Plusieurs thérapeutiques sont disponibles.
1. Les gouttières :
• Si l’occlusion n’est pas en cause dans le déclenchement des arthrites, il est clair que
les surcharges articulaires participent à l’aggravation de la maladie en favorisant les
résorptions osseuses.
• Une malocclusion prédisposant à ces augmentations de pressions sera un facteur
aggravant de l’arthrite.
• La gouttière permet une mise au repos de l’ATM et favorise ainsi la récupération
articulaire
• En cas d’absence de défauts majeurs d’occlusion, le port seul de la gouttière est
proposé.
• gouttière de libération occlusale, de décompression, ou de désengrènement, le principe
en est identique : assurer une diminution de la pression intra-articulaire.
2. Les anti-inflammatoires non stéroïdiens et autres traitements intra-
articulaires :
• Les anti-inflammatoires en injection intra-articulaire donnent dans un premier
temps de bons résultats, mais à long terme, les choses sont plus discutables,
favorisant l’ostéolyse.
• Par voie générale, les traitements médicamenteux peuvent apporter une
amélioration certaine sur la symptomatologie.

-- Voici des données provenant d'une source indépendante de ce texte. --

lemma bdf3_step_energy_seq:
  fixes tau w :: "nat \<Rightarrow> real"
  assumes tau_pos: "\<And>k. 1 \<le> k \<Longrightarrow> 0 < tau k"
    and ratio_less: "\<And>k. 2 \<le> k \<Longrightarrow> ratio tau k < 3/2" and "3 \<le> k"
  shows "bdf3_energy (tau k) (tau (k - 1)) (w k) (w (k - 1))
           - bdf3_energy (tau (k - 1)) (tau (k - 2)) (w (k - 1)) (w (k - 2)) + 1/100 * tau k * w k ^ 2
         \<le> tau k * w k * (bdf3 tau k 0 * w k + bdf3 tau k 1 * w (k - 1) + bdf3 tau k 2 * w (k - 2))"
proof -
  have "0 < tau k" "0 < tau (k - 1)" "0 < tau (k - 2)"
    "tau k / tau (k - 1) < 3/2" "tau (k - 1) / tau (k - 2) < 3/2"
    using tau_pos[of k] tau_pos[of "k - 1"] tau_pos[of "k - 2"] ratio_less[of k]
      ratio_less[of "k - 1"] \<open>3 \<le> k\<close>
    by (simp_all add: ratio_def numeral_2_eq_2)
  from bdf3_step_energy[OF this, of "w k" "w (k - 1)" "w (k - 2)"] show ?thesis
    by (simp add: bdf3_def ratio_def mult.assoc numeral_2_eq_2)
qed

theorem doc_quadratic_form_pos:
  fixes tau xi :: "nat \<Rightarrow> real" and n :: nat
  assumes tau_pos: "\<And>k. 1 \<le> k \<Longrightarrow> 0 < tau k"
    and ratio_less: "\<And>k. 2 \<le> k \<Longrightarrow> ratio tau k < 3/2"
    and "3 \<le> n" and nonzero: "\<exists>k\<in>{3..n}. xi k \<noteq> 0"
  shows "0 < (\<Sum>k=3..n. xi k * (\<Sum>j=3..k. tau k * doc tau k (k - j) * xi j))"
proof -
  let ?w = "bdf3_solve tau xi"
  let ?E = "\<lambda>k. bdf3_energy (tau k) (tau (k - 1)) (?w k) (?w (k - 1))"
  have d0: "bdf3 tau k 0 \<noteq> 0" if "3 \<le> k" for k
    using bdf3_0_pos[of tau, OF tau_pos that] by simp
  have "(\<Sum>k=3..n. ?E k - ?E (k - 1)) + 1/100 * (\<Sum>k=3..n. tau k * ?w k ^ 2)
      = (\<Sum>k=3..n. ?E k - ?E (k - 1) + 1/100 * tau k * ?w k ^ 2)"
    by (simp add: sum.distrib sum_distrib_left mult.assoc)
  also have "\<dots> \<le> (\<Sum>k=3..n. tau k * ?w k
      * (bdf3 tau k 0 * ?w k + bdf3 tau k 1 * ?w (k - 1) + bdf3 tau k 2 * ?w (k - 2)))"
    using bdf3_step_energy_seq[of tau, OF tau_pos ratio_less] by (intro sum_mono) (simp add: numeral_2_eq_2)
  also have "\<dots> = (\<Sum>k=3..n. xi k * (\<Sum>j=3..k. tau k * doc tau k (k - j) * xi j))"
    by (rule doc_form_eq_bdf3_solve[OF d0, symmetric])
  finally have "(\<Sum>k=3..n. ?E k - ?E (k - 1)) + 1/100 * (\<Sum>k=3..n. tau k * ?w k ^ 2)
      \<le> (\<Sum>k=3..n. xi k * (\<Sum>j=3..k. tau k * doc tau k (k - j) * xi j))" .
  moreover have "(\<Sum>k=3..n. ?E k - ?E (k - 1)) = ?E n"
    using sum_diff_pred_telescope[of 2 n ?E] \<open>3 \<le> n\<close> by (simp add: bdf3_energy_def bdf3_solve_less_3)
  moreover have "0 \<le> ?E n"
    using tau_pos[of n] tau_pos[of "n - 1"] ratio_less[of n] \<open>3 \<le> n\<close>
    by (intro bdf3_energy_nonneg) (simp_all add: ratio_def pos_divide_less_eq)
  moreover have "0 < (\<Sum>k=3..n. tau k * ?w k ^ 2)"
  proof -
    obtain k where k: "k \<in> {3..n}" "?w k \<noteq> 0"
      using bdf3_solve_nonzero[OF d0 nonzero] by blast
    have "0 \<le> tau i * ?w i ^ 2" if "i \<in> {3..n}" for i
      using tau_pos[of i] that by simp
    then show ?thesis
      using k tau_pos[of k] by (intro sum_pos2[OF _ k(1)]) auto
  qed
  ultimately show ?thesis
    by linarith
qed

3. La chirurgie ortho gnathique :


• Ces chirurgies peuvent être proposées avec des résultats satisfaisants.
• Il faut toutefois garder en tête le risque de dégradation de résultat, en particulier
vertical lorsqu’une évolution de la maladie rhumatismale est présente
(dysmorphose ++).
• Il est donc important de rappeler que la chirurgie orthognathique ne traite pas la
maladie rhumatismale, mais ses conséquences architecturales.

5. Les chirurgies articulaires : ont des indications de « seconde » intention.


L’arsenal chirurgical comprend :
• Les lavages articulaires,
• Les chirurgies d’exérèse des tissus inflammatoires,
• La chirurgie des ankyloses,
• Les remplacements articulaires.

Conclusion :

• Bien que longtemps sous-estimées, les pathologies inflammatoires des ATM sont, en fait,
fréquentes. La prise en charge d’un patient porteur d’une PI doit faire évaluer les fonctions
articulaires à la recherche d’un processus rhumatismal .
• Dans ce contexte, certains signes doivent alerter le clinicien tels que des douleurs articulaires
de caractère inflammatoire, un profil hyperdivergent marqué ou tout autre signe témoignant de
dysfonctions de l’appareil discoligamentaire.
• Les données radiographiques permettent d’évaluer assez facilement les atteintes articulaires et
plus largement leurs conséquences sur l’architecture.